Records to use:
(* Let $p$ be a prime and let $f:\mathbb{Z}_p\times\mathbb{Z}_p\to\mathbb{Z}_p$ be additively inseparable. Write $f(x,y)=\sum_{i,j=0}^{p-1}\lambda_{i,j}x^iy^j$ with $\lambda_{i,j}\in\mathbb{Z}_p$. Then $\Delta(f)\ge 2$. Moreover, $2^{\Delta(f)-2}$ copies of $P^f$, together with local processing and without communication, suffice to simulate one copy of $PR_p$ exactly.
   Context: Let $p$ be a prime. All arithmetic on elements of $\mathbb{Z}_p$ is modulo $p$. A box is a conditional probability distribution $P(a,b\mid x,y)$ with $a,b,x,y\in\mathbb{Z}_p$. It is shared by Alice, who supplies $x$ and receives $a$, and Bob, who supplies $y$ and receives $b$. Different copies act independently. $PR_p(a,b\mid x,y)=1/p$ if $a-b=xy$, and $0$ otherwise. For $f:\mathbb{Z}_p\times\mathbb{Z}_p\to\mathbb{Z}_p$, the functional box is $P^f(a,b\mid x,y)=1/p$ if $a-b=f(x,y)$, and $0$ otherwise. A function $f$ is additively separable if $f(x,y)=g(x)+h(y)$ for some $g,h:\mathbb{Z}_p\to\mathbb{Z}_p$. Otherwise it is additively inseparable. Every $f$ has a unique representation $f(x,y)=\sum_{i,j=0}^{p-1}\lambda_{i,j}x^iy^j$. Define $$\Delta(f)=\max_{1\le i,j\le p-1}\mathbb{I}_{\lambda_{i,j}\neq0}\,(i+j),$$ the maximal total degree of a monomial with nonzero coefficient that is divisible by $xy$. It is $0$ if there is no such monomial. *)

theory Defs
  imports Complex_Main "HOL-Library.FuncSet" "Berlekamp_Zassenhaus.Finite_Field"
begin

text \<open>Z_p is modelled by the type 'p mod_ring with 'p :: prime_card, i.e. CARD('p) = p is prime.\<close>

type_synonym 'p box = "'p mod_ring \<Rightarrow> 'p mod_ring \<Rightarrow> 'p mod_ring \<Rightarrow> 'p mod_ring \<Rightarrow> real"
  (* P a b x y  =  P(a,b | x,y) *)

definition PR_box :: "('p::prime_card) box" where
  "PR_box a b x y = (if a - b = x * y then 1 / real CARD('p) else 0)"

definition functional_box ::
  "('p::prime_card mod_ring \<Rightarrow> 'p mod_ring \<Rightarrow> 'p mod_ring) \<Rightarrow> 'p box" where
  "functional_box f a b x y = (if a - b = f x y then 1 / real CARD('p) else 0)"

definition additively_separable ::
  "('p::prime_card mod_ring \<Rightarrow> 'p mod_ring \<Rightarrow> 'p mod_ring) \<Rightarrow> bool" where
  "additively_separable f \<longleftrightarrow> (\<exists>g h. \<forall>x y. f x y = g x + h y)"

definition is_poly_rep ::
  "('p::prime_card mod_ring \<Rightarrow> 'p mod_ring \<Rightarrow> 'p mod_ring) \<Rightarrow> (nat \<Rightarrow> nat \<Rightarrow> 'p mod_ring) \<Rightarrow> bool" where
  "is_poly_rep f lam \<longleftrightarrow>
     (\<forall>i j. (CARD('p) \<le> i \<or> CARD('p) \<le> j) \<longrightarrow> lam i j = 0) \<and>
     (\<forall>x y. f x y = (\<Sum>i<CARD('p). \<Sum>j<CARD('p). lam i j * x ^ i * y ^ j))"

definition poly_coeffs ::
  "('p::prime_card mod_ring \<Rightarrow> 'p mod_ring \<Rightarrow> 'p mod_ring) \<Rightarrow> nat \<Rightarrow> nat \<Rightarrow> 'p mod_ring" where
  "poly_coeffs f = (THE lam. is_poly_rep f lam)"

definition Delta :: "('p::prime_card mod_ring \<Rightarrow> 'p mod_ring \<Rightarrow> 'p mod_ring) \<Rightarrow> nat" where
  "Delta f = Max ({i + j | i j. 1 \<le> i \<and> i \<le> CARD('p) - 1 \<and> 1 \<le> j \<and> j \<le> CARD('p) - 1
                              \<and> poly_coeffs f i j \<noteq> 0} \<union> {0})"

text \<open>Simulation of box Q by k independent copies of box P with local processing and no
  communication: Alice maps her input x to inputs Ain x i for copies i < k and outputs
  Aout x (a_0,...,a_{k-1}); Bob likewise.\<close>
definition simulates_with :: "nat \<Rightarrow> ('p::prime_card) box \<Rightarrow> 'p box \<Rightarrow> bool" where
  "simulates_with k P Q \<longleftrightarrow>
    (\<exists>(Ain :: 'p mod_ring \<Rightarrow> nat \<Rightarrow> 'p mod_ring) (Bin :: 'p mod_ring \<Rightarrow> nat \<Rightarrow> 'p mod_ring)
      (Aout :: 'p mod_ring \<Rightarrow> (nat \<Rightarrow> 'p mod_ring) \<Rightarrow> 'p mod_ring)
      (Bout :: 'p mod_ring \<Rightarrow> (nat \<Rightarrow> 'p mod_ring) \<Rightarrow> 'p mod_ring).
      \<forall>a b x y. Q a b x y =
        (\<Sum>av \<in> PiE {..<k} (\<lambda>_. UNIV). \<Sum>bv \<in> PiE {..<k} (\<lambda>_. UNIV).
           (\<Prod>i<k. P (av i) (bv i) (Ain x i) (Bin y i)) *
           (if Aout x av = a \<and> Bout y bv = b then 1 else 0)))"

end

theory Submission
  imports Defs "HOL-Computational_Algebra.Polynomial"
begin

(* Every f on Z_p x Z_p is a polynomial of degree < p in each variable. If f is inseparable it has
   a nonzero mixed coefficient, so Delta(f) = a + b for some a, b >= 1 with lambda_{a,b} nonzero
   and no nonzero mixed coefficient of larger total degree. The forward differences
   D_x^(a-1) D_y^(b-1) turn every other mixed monomial into a function of x alone or of y alone,
   and x^a y^b into a! b! x y plus such functions; as a, b < p, the result is m x y + g x + h y
   with m nonzero. Expanding the differences, the same function is a combination of
   2^(Delta(f)-2) translates f(x + u_i, y + v_i) with nonzero coefficients c_i. Alice and Bob
   feed x + u_i and y + v_i into the copies of P^f and output (sum c_i a_i - g x) / m and
   (sum c_i b_i + h y) / m: the difference of the outputs is x y, and each output is uniform,
   which is exactly PR_p. *)

section \<open>Polynomial functions on finite fields\<close>

lemma card_finite_field_ge_2: "2 \<le> CARD('a::finite_field)"
proof -
  have "card {0, 1::'a} \<le> CARD('a)" by (rule card_mono) auto
  then show ?thesis by simp
qed

lemma finite_field_power_card_minus_1:
  fixes x :: "'a::finite_field"
  assumes "x \<noteq> 0"
  shows "x ^ (CARD('a) - 1) = 1"
proof -
  have "x * x ^ (CARD('a) - 1) = x ^ CARD('a)"
    using card_finite_field_ge_2[where 'a='a] by (simp add: power_eq_if)
  then show ?thesis using finite_field_power_card_eq_same[of x] assms by simp
qed

lemma poly_eq_sum_lessThan:
  fixes p :: "'a::comm_semiring_1 poly"
  assumes "degree p < n"
  shows "poly p x = (\<Sum>i<n. coeff p i * x ^ i)"
  unfolding poly_altdef using assms
  by (intro sum.mono_neutral_left) (auto simp: coeff_eq_0)

lemma finite_field_fun_is_poly:
  fixes g :: "'a::finite_field \<Rightarrow> 'a"
  obtains Q where "degree Q < CARD('a)" "\<And>x. g x = poly Q x"
proof
  let ?q = "CARD('a)"
  define Q where "Q = (\<Sum>a\<in>UNIV. smult (g a) (1 - [:-a, 1:] ^ (?q - 1)))"
  have "degree Q \<le> ?q - 1"
    unfolding Q_def
    by (intro degree_sum_le order.trans[OF degree_smult_le] order.trans[OF degree_diff_le])
       (auto intro: order.trans[OF degree_power_le])
  then show "degree Q < ?q" using card_finite_field_ge_2[where 'a='a] by simp
  have indicator: "1 - (x - a) ^ (?q - 1) = (if x = a then 1 else 0)" for x a :: 'a
    using finite_field_power_card_minus_1[of "x - a"] card_finite_field_ge_2[where 'a='a] by auto
  show "g x = poly Q x" for x
  proof -
    have "poly Q x = (\<Sum>a\<in>UNIV. g a * (1 - (x - a) ^ (?q - 1)))"
      by (simp add: Q_def poly_sum)
    also have "\<dots> = g x"
      unfolding indicator by (simp add: if_distrib cong: if_cong)
    finally show ?thesis ..
  qed
qed

lemma finite_field_fun_coeffs:
  fixes g :: "'a::finite_field \<Rightarrow> 'a"
  shows "\<exists>c. \<forall>x. g x = (\<Sum>i<CARD('a). c i * x ^ i)"
proof -
  obtain Q where "degree Q < CARD('a)" "\<And>x. g x = poly Q x"
    using finite_field_fun_is_poly[of g] by blast
  then show ?thesis by (metis poly_eq_sum_lessThan)
qed

lemma finite_field_fun_coeffs_eq_0:
  fixes c :: "nat \<Rightarrow> 'a::finite_field"
  assumes zero: "\<And>x. (\<Sum>i<CARD('a). c i * x ^ i) = 0" and i: "i < CARD('a)"
  shows "c i = 0"
proof -
  define P where "P = (\<Sum>i<CARD('a). monom (c i) i)"
  have deg: "degree P < CARD('a)"
    unfolding P_def using card_finite_field_ge_2[where 'a='a]
    by (intro degree_sum_less) (auto intro: le_less_trans[OF degree_monom_le])
  have roots: "{x. poly P x = 0} = UNIV"
    using zero by (simp add: P_def poly_sum poly_monom)
  have "P = 0"
  proof (rule ccontr)
    assume "P \<noteq> 0"
    then have "card {x. poly P x = 0} \<le> degree P" by (rule card_poly_roots_bound)
    with deg roots show False by simp
  qed
  then show ?thesis
    using i by (auto simp: P_def coeff_sum coeff_monom dest: arg_cong[where f="\<lambda>P. coeff P i"])
qed

lemma double_sum_coeffs_eq_0:
  fixes c :: "nat \<Rightarrow> nat \<Rightarrow> 'a::finite_field"
  assumes zero: "\<And>x y. (\<Sum>i<CARD('a). \<Sum>j<CARD('a). c i j * x ^ i * y ^ j) = 0"
    and "i < CARD('a)" "j < CARD('a)"
  shows "c i j = 0"
proof -
  have "(\<Sum>i<CARD('a). (\<Sum>j<CARD('a). c i j * y ^ j) * x ^ i) = 0" for x y
    using zero[of x y] by (simp add: sum_distrib_left sum_distrib_right ac_simps)
  then have "(\<Sum>j<CARD('a). c i j * y ^ j) = 0" for y
    using finite_field_fun_coeffs_eq_0[of "\<lambda>i. \<Sum>j<CARD('a). c i j * y ^ j"] \<open>i < CARD('a)\<close> by blast
  then show ?thesis
    using finite_field_fun_coeffs_eq_0 \<open>j < CARD('a)\<close> by blast
qed

lemma is_poly_rep_unique:
  fixes f :: "'p::prime_card mod_ring \<Rightarrow> 'p mod_ring \<Rightarrow> 'p mod_ring"
  assumes "is_poly_rep f lam" "is_poly_rep f lam'"
  shows "lam = lam'"
proof (intro ext)
  fix i j
  show "lam i j = lam' i j"
  proof (cases "i < CARD('p) \<and> j < CARD('p)")
    case True
    have "(\<Sum>i<CARD('p). \<Sum>j<CARD('p). (lam i j - lam' i j) * x ^ i * y ^ j) = 0" for x y
      using assms unfolding is_poly_rep_def
      by (simp add: sum_subtractf left_diff_distrib)
    then show ?thesis
      using double_sum_coeffs_eq_0[of "\<lambda>i j. lam i j - lam' i j" i j] True by simp
  next
    case False
    then show ?thesis using assms unfolding is_poly_rep_def by (metis not_le)
  qed
qed

lemma is_poly_rep_exists:
  fixes f :: "'p::prime_card mod_ring \<Rightarrow> 'p mod_ring \<Rightarrow> 'p mod_ring"
  shows "\<exists>lam. is_poly_rep f lam"
proof -
  obtain d where d: "\<And>x y. f x y = (\<Sum>j<CARD('p). d x j * y ^ j)"
    using finite_field_fun_coeffs[of "f x" for x] by (metis CARD_mod_ring)
  obtain e where e: "\<And>j x. d x j = (\<Sum>i<CARD('p). e j i * x ^ i)"
    using finite_field_fun_coeffs[of "\<lambda>x. d x j" for j] by (metis CARD_mod_ring)
  define lam where "lam i j = (if i < CARD('p) \<and> j < CARD('p) then e j i else 0)" for i j
  have "f x y = (\<Sum>i<CARD('p). \<Sum>j<CARD('p). lam i j * x ^ i * y ^ j)" for x y
  proof -
    have "f x y = (\<Sum>j<CARD('p). \<Sum>i<CARD('p). e j i * x ^ i * y ^ j)"
      unfolding d e by (simp add: sum_distrib_right)
    also have "\<dots> = (\<Sum>i<CARD('p). \<Sum>j<CARD('p). lam i j * x ^ i * y ^ j)"
      by (subst sum.swap) (simp add: lam_def)
    finally show ?thesis .
  qed
  then have "is_poly_rep f lam" unfolding is_poly_rep_def by (auto simp: lam_def)
  then show ?thesis by blast
qed

lemma is_poly_rep_poly_coeffs: "is_poly_rep f (poly_coeffs f)"
  unfolding poly_coeffs_def
  using is_poly_rep_exists[of f] is_poly_rep_unique[of f] by (metis theI)

section \<open>Mixed coefficients\<close>

lemma double_sum_split_mixed:
  fixes \<mu> :: "nat \<Rightarrow> nat \<Rightarrow> 'a::comm_ring_1"
  assumes "0 < n"
  shows "(\<Sum>i<n. \<Sum>j<n. \<mu> i j * x ^ i * y ^ j) =
    (\<Sum>i\<in>{1..<n}. \<Sum>j\<in>{1..<n}. \<mu> i j * x ^ i * y ^ j) + (\<Sum>i<n. \<mu> i 0 * x ^ i) + (\<Sum>j\<in>{1..<n}. \<mu> 0 j * y ^ j)"
proof -
  have split: "(\<Sum>i<n. t i) = t 0 + (\<Sum>i\<in>{1..<n}. t i)" for t :: "nat \<Rightarrow> 'a"
    using assms by (simp add: lessThan_atLeast0 sum.atLeast_Suc_lessThan)
  let ?T = "\<lambda>i j. \<mu> i j * x ^ i * y ^ j"
  have "(\<Sum>i<n. \<Sum>j<n. ?T i j) = (\<Sum>i<n. ?T i 0 + (\<Sum>j\<in>{1..<n}. ?T i j))"
    by (rule sum.cong[OF refl], rule split)
  also have "\<dots> = (\<Sum>i<n. ?T i 0) + (\<Sum>i<n. \<Sum>j\<in>{1..<n}. ?T i j)"
    by (rule sum.distrib)
  also have "(\<Sum>i<n. \<Sum>j\<in>{1..<n}. ?T i j) = (\<Sum>j\<in>{1..<n}. ?T 0 j) + (\<Sum>i\<in>{1..<n}. \<Sum>j\<in>{1..<n}. ?T i j)"
    by (rule split)
  finally show ?thesis by (simp add: ac_simps)
qed

lemma mixed_coeffs_zero_imp_separable:
  fixes f :: "'p::prime_card mod_ring \<Rightarrow> 'p mod_ring \<Rightarrow> 'p mod_ring"
  assumes "\<And>i j. 1 \<le> i \<Longrightarrow> i < CARD('p) \<Longrightarrow> 1 \<le> j \<Longrightarrow> j < CARD('p) \<Longrightarrow> poly_coeffs f i j = 0"
  shows "additively_separable f"
proof -
  let ?lam = "poly_coeffs f"
  have sep: "f x y = (\<Sum>i<CARD('p). ?lam i 0 * x ^ i) + (\<Sum>j\<in>{1..<CARD('p)}. ?lam 0 j * y ^ j)" for x y
    using is_poly_rep_poly_coeffs[of f] double_sum_split_mixed[of "CARD('p)" ?lam x y] assms
    by (simp add: is_poly_rep_def)
  show ?thesis unfolding additively_separable_def by (intro exI allI) (rule sep)
qed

Problem statement:
State the count of lines in the material above that include "forall", with no other words.

Completed exercise:
5